Re: svn commit: r573831

2007-10-26 Thread Nick Kew
On Tue, 23 Oct 2007 00:22:56 +0200
André Malo <[EMAIL PROTECTED]> wrote:

> 
> > > The main difference is this escaping of ' ' to '+'. The reason for
> > > this is that while ' ' gets encoded as %20 in paths, it gets
> > > encoded as '+' in query strings (afaik for historic reasons).
> > > Therefore, languages which interpret the query string (like PHP)
> > > might get confused if they receive a %20 in the query string (or
> > > at least that was my concern).
> >
> > That sounds plausible, but I'm not sure.  Anyone else?
> 
> Nah. Everyone just takes %hh and turns it into an octet. The special 
> handling takes place for the + sign only, on both sides.
> In fact, every script must be prepared to get a %20 from the client,
> as well.

You're right of course, and it's also so easy to implement
that it's unlikely to have been messed up in real life.
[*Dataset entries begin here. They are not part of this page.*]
lemma SUP_eu_attained:
  assumes "compact C" and "C \<noteq> {}"
  shows "\<exists>p\<in>C. (SUP q\<in>C. eu q u f) = eu p u f"
proof -
  obtain p where "p \<in> C" "\<And>q. q \<in> C \<Longrightarrow> eu q u f \<le> eu p u f"
    using continuous_attains_sup[OF assms continuous_on_eu] by blast
  then have "(SUP q\<in>C. eu q u f) = eu p u f"
    using assms by (intro antisym eu_le_SUP cSUP_least) auto
  with \<open>p \<in> C\<close> show ?thesis by blast
qed

lemma INF_eu_strict_mono:
  assumes "compact C" and "C \<noteq> {}" and "\<And>p. p \<in> C \<Longrightarrow> eu p u g < eu p u f"
  shows "(INF p\<in>C. eu p u g) < (INF p\<in>C. eu p u f)"
proof -
  obtain p where "p \<in> C" "(INF q\<in>C. eu q u f) = eu p u f"
    using INF_eu_attained[OF assms(1,2)] by blast
  then have "(INF q\<in>C. eu q u g) \<le> eu p u g" "eu p u g < eu p u f"
    using INF_eu_le[OF assms(1)] assms(3) by blast+
  with \<open>(INF q\<in>C. eu q u f) = eu p u f\<close> show ?thesis by linarith
qed

lemma SUP_eu_strict_mono:
  assumes "compact C" and "C \<noteq> {}" and "\<And>p. p \<in> C \<Longrightarrow> eu p u g < eu p u f"
  shows "(SUP p\<in>C. eu p u g) < (SUP p\<in>C. eu p u f)"
proof -
  obtain p where "p \<in> C" "(SUP q\<in>C. eu q u g) = eu p u g"
    using SUP_eu_attained[OF assms(1,2)] by blast
  then have "eu p u f \<le> (SUP q\<in>C. eu q u f)" "eu p u g < eu p u f"
    using eu_le_SUP[OF assms(1)] assms(3) by blast+
  with \<open>(SUP q\<in>C. eu q u g) = eu p u g\<close> show ?thesis by linarith
qed

section \<open>Acts measurable with respect to finitely many events\<close>

definition atom :: "'a set set \<Rightarrow> 'a set set \<Rightarrow> 'a set" where
  "atom F G = {s. {A\<in>F. s \<in> A} = G}"
(* b^p - a^p is the integral of the concave function p y^(p-1) over [a, b]: the trapezoid
   rule underestimates it (on [k, k + 1]), the midpoint rule overestimates it (on [k - 1, k + 1]). *)

lemma powr_trapezoid_lt:
  fixes p k :: real
  assumes "1 < p" "p < 2" "0 \<le> k"
  shows "p * ((k + 1) powr (p - 1) + k powr (p - 1)) < 2 * ((k + 1) powr p - k powr p)"
proof -
  define \<psi> where "\<psi> t = p * t * ((k + t) powr (p - 1) + k powr (p - 1)) - 2 * ((k + t) powr p - k powr p)"
    for t
  have "\<psi> 1 < \<psi> 0"
  proof (rule DERIV_neg_imp_decreasing_open[of 0 1 \<psi>])
    show "continuous_on {0..1} \<psi>"
      unfolding \<psi>_def using assms by (auto intro!: continuous_intros continuous_on_powr')
  next
    fix t :: real assume t: "0 < t" "t < 1"
    have "(\<psi> has_real_derivative
            p * (t * ((p - 1) * (k + t) powr (p - 2)) - ((k + t) powr (p - 1) - k powr (p - 1)))) (at t)"
      unfolding \<psi>_def using t assms
      by (auto intro!: derivative_eq_intros) (simp add: algebra_simps)
    moreover have "t * ((p - 1) * (k + t) powr (p - 2)) < (k + t) powr (p - 1) - k powr (p - 1)"
      using powr_diff_gt_deriv_at_right[of k "k + t" "p - 1"] t assms by simp
    ultimately show "\<exists>y. (\<psi> has_real_derivative y) (at t) \<and> y < 0"
      using assms by (intro exI conjI) (auto intro!: mult_pos_neg)
  qed simp
  then show ?thesis by (simp add: \<psi>_def)
qed

lemma powr_midpoint_gt:
  fixes p k :: real
  assumes "1 < p" "p < 2" "1 \<le> k"
  shows "(k + 1) powr p - (k - 1) powr p < 2 * p * k powr (p - 1)"
proof -
  define \<psi> where "\<psi> t = (k + t) powr p - (k - t) powr p - 2 * p * t * k powr (p - 1)" for t
  have "\<psi> 1 < \<psi> 0"
  proof (rule DERIV_neg_imp_decreasing_open[of 0 1 \<psi>])
    show "continuous_on {0..1} \<psi>"
      unfolding \<psi>_def using assms by (auto intro!: continuous_intros continuous_on_powr')
  next
    fix t :: real assume t: "0 < t" "t < 1"
    have "(\<psi> has_real_derivative
            p * (((k + t) powr (p - 1) - k powr (p - 1)) - (k powr (p - 1) - (k - t) powr (p - 1)))) (at t)"
      unfolding \<psi>_def using t assms
      by (auto intro!: derivative_eq_intros) (simp add: algebra_simps)
    moreover have "(k + t) powr (p - 1) - k powr (p - 1) < t * ((p - 1) * k powr (p - 2))"
      using powr_diff_lt_deriv_at_left[of k "k + t" "p - 1"] t assms by simp
    moreover have "t * ((p - 1) * k powr (p - 2)) < k powr (p - 1) - (k - t) powr (p - 1)"
      using powr_diff_gt_deriv_at_right[of "k - t" k "p - 1"] t assms by simp
    ultimately show "\<exists>y. (\<psi> has_real_derivative y) (at t) \<and> y < 0"
      using assms by (intro exI conjI) (auto intro!: mult_pos_neg)
  qed simp
  then show ?thesis by (simp add: \<psi>_def)
qed

lemma four_two_powr_minus_three_powr_lt:
  fixes p :: real
  assumes "1 < p" "p < 2"
  shows "4 * 2 powr p - 3 powr p < 7"
proof -
  define h where "h s = 4 * 2 powr s - 3 powr s" for s :: real
  have ln_ineq: "9 * ln 3 < 16 * ln (2::real)"
  proof -
    have "ln ((3::real) ^ 9) < ln (2 ^ 16)" by (subst ln_less_cancel_iff) auto
    then show ?thesis by (simp only: ln_realpow of_nat_numeral)
  qed
  have "h p < h 2"
  proof (rule DERIV_pos_imp_increasing[of p 2 h])
    fix s :: real assume s: "p \<le> s" "s \<le> 2"
    have "(3::real) powr s = 2 powr s * (3/2) powr s"
      by (simp add: powr_mult[symmetric])
    also have "\<dots> \<le> 2 powr s * (3/2) powr 2"
      using s by (intro mult_left_mono powr_mono) auto
    finally have "3 powr s \<le> 2 powr s * (9/4::real)"
      by (simp add: powr_numeral power2_eq_square)
    then have "ln 3 * 3 powr s \<le> (9/4 * ln 3) * 2 powr s"
      by (simp add: mult_left_mono algebra_simps)
    also have "\<dots> < (4 * ln 2) * 2 powr s"
      using ln_ineq by (intro mult_strict_right_mono) auto
    finally have "0 < 4 * (ln 2 * 2 powr s) - ln 3 * 3 powr s"
      by simp
    moreover have "(h has_real_derivative 4 * (ln 2 * 2 powr s) - ln 3 * 3 powr s) (at s)"
      unfolding h_def by (auto intro!: derivative_eq_intros)
    ultimately show "\<exists>y. (h has_real_derivative y) (at s) \<and> 0 < y" by blast
  qed (use assms in auto)
  then show ?thesis by (simp add: h_def powr_numeral)
qed

lemma powr_third_fwd_diff_lt:
  fixes p x :: real
  assumes "1 < p" "p < 2" "0 \<le> x"
  shows "(fwd_diff ^^ 3) (\<lambda>y. y powr p) x < p * (fwd_diff ^^ 2) (\<lambda>y. y powr (p - 1)) (x + 1)"
proof -
  define g0 where "g0 y = p * (y + 1) powr (p - 1) - ((y + 1) powr p - y powr p)" for y
  define g1 where "g1 y = p * (p - 1) * (y + 1) powr (p - 2) - p * ((y + 1) powr (p - 1) - y powr (p - 1))"
    for y
  define g2 where
    "g2 y = p * (p - 1) * ((p - 2) * (y + 1) powr (p - 3) - ((y + 1) powr (p - 2) - y powr (p - 2)))"
    for y
  \<comment> \<open>\<open>g0 y\<close> is the error of the right endpoint rule for the integral of \<open>p s powr (p - 1)\<close>
    over \<open>[y, y + 1]\<close>; its second derivative \<open>g2\<close> is positive by convexity of \<open>s powr (p - 2)\<close>.\<close>
  have "0 < (fwd_diff ^^ 2) ([g0, g1, g2] ! 0) x"
  proof (rule funpow_fwd_diff_pos)
    show "continuous_on {x..x + real 2} ([g0, g1, g2] ! 0)"
      using assms unfolding g0_def by (auto intro!: continuous_intros continuous_on_powr')
  next
    fix m :: nat and t assume "m < 2" "x < t"
    then consider "m = 0" | "m = 1" by linarith
    then show "([g0, g1, g2] ! m has_real_derivative ([g0, g1, g2] ! Suc m) t) (at t)"
    proof cases
      case 1
      show ?thesis
        unfolding 1 g0_def g1_def using \<open>x < t\<close> assms
        by (auto intro!: derivative_eq_intros) (simp add: algebra_simps)
    next
      case 2
      show ?thesis
        unfolding 2 g1_def g2_def using \<open>x < t\<close> assms
        by (auto intro!: derivative_eq_intros) (simp add: algebra_simps)
    qed
  next
    fix t assume "x < t"
    then have "(t + 1) powr (p - 2) - t powr (p - 2) < (p - 2) * (t + 1) powr (p - 3)"
      using neg_powr_diff_lt_deriv_at_right[of t "t + 1" "p - 2"] assms by simp
    then show "0 < ([g0, g1, g2] ! 2) t"
      unfolding g2_def using assms by (simp add: mult_pos_pos)
  qed simp
  moreover have "(fwd_diff ^^ 2) g0 x =
      p * (fwd_diff ^^ 2) (\<lambda>y. y powr (p - 1)) (x + 1) - (fwd_diff ^^ 3) (\<lambda>y. y powr p) x"
  proof -
    have "x + 2 + 1 = x + 3" "x + 1 + 1 = x + 2" "x + 1 + 2 = x + 3"
      by simp_all
    then show ?thesis
      unfolding fwd_diff_2 fwd_diff_3 g0_def by (simp add: algebra_simps)
  qed
  ultimately show ?thesis by simp
qed

definition toeplitz_coeff :: "real \<Rightarrow> real \<Rightarrow> real" where
  "toeplitz_coeff \<alpha> x = - (fwd_diff ^^ 4) (\<lambda>y. \<bar>y\<bar> powr (3 - \<alpha>)) (x - 2)"

definition toeplitz_tail :: "real \<Rightarrow> real \<Rightarrow> real" where
  "toeplitz_tail \<alpha> k = (fwd_diff ^^ 3) (\<lambda>y. \<bar>y\<bar> powr (3 - \<alpha>)) (- k - 1)"

lemma toeplitz_coeff_minus: "toeplitz_coeff \<alpha> (- x) = toeplitz_coeff \<alpha> x"
proof -
  have "- x - 2 + 4 = - (x - 2)" "- x - 2 + 3 = - (x - 1)" "- x - 2 + 2 = - x"
    "- x - 2 + 1 = - (x + 1)" "x - 2 + 4 = x + 2" "x - 2 + 3 = x + 1" "x - 2 + 2 = x"
    "x - 2 + 1 = x - 1" "- x - 2 = - (x + 2)"
    by simp_all
  then show ?thesis
    unfolding toeplitz_coeff_def fwd_diff_4 by (simp only: abs_minus_cancel)
qed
As I see it, we have two variants of the fix:
  (1) Günther Gsenger's patch, with + for space.
  (2) Use ap_escape_path_segment, with %20 for space.

My (slight) inclination is to apply (2), but if anyone has strong
views, I'm happy with (1).  If noone cares enough to reply here,
I'll go ahead and apply (2).

-- 
Nick Kew

Application Development with Apache - the Apache Modules Book
http://www.apachetutor.org/


Re: svn commit: r573831

2007-10-22 Thread André Malo
* Nick Kew wrote:

> > The main difference is this escaping of ' ' to '+'. The reason for
> > this is that while ' ' gets encoded as %20 in paths, it gets encoded
> > as '+' in query strings (afaik for historic reasons). Therefore,
> > languages which interpret the query string (like PHP) might get
> > confused if they receive a %20 in the query string (or at least that
> > was my concern).
>
> That sounds plausible, but I'm not sure.  Anyone else?

Nah. Everyone just takes %hh and turns it into an octet. The special 
handling takes place for the + sign only, on both sides.
In fact, every script must be prepared to get a %20 from the client, as 
well.

nd
-- 
> Rätselnd, was ein Anthroposoph mit Unterwerfung zu tun hat...

[...] Dieses Wort gibt so viele Stellen für einen Spelling Flame her, und
Du gönnst einem keine einzige.-- Jean Claude und David Kastrup in dtl


Re: svn commit: r573831

2007-10-22 Thread William A. Rowe, Jr.

Nick Kew wrote:

Günther Gsenger <[EMAIL PROTECTED]> wrote:

André Malo:
This spreads another uri escaper copy around. Why can't we take 
ap_escape_uri? Without deep digging: what's the difference?

Also I don't like the ' ' => '+' transition, which should not be
applied  
forpaths. It's safer to translate that always to %20, I guess.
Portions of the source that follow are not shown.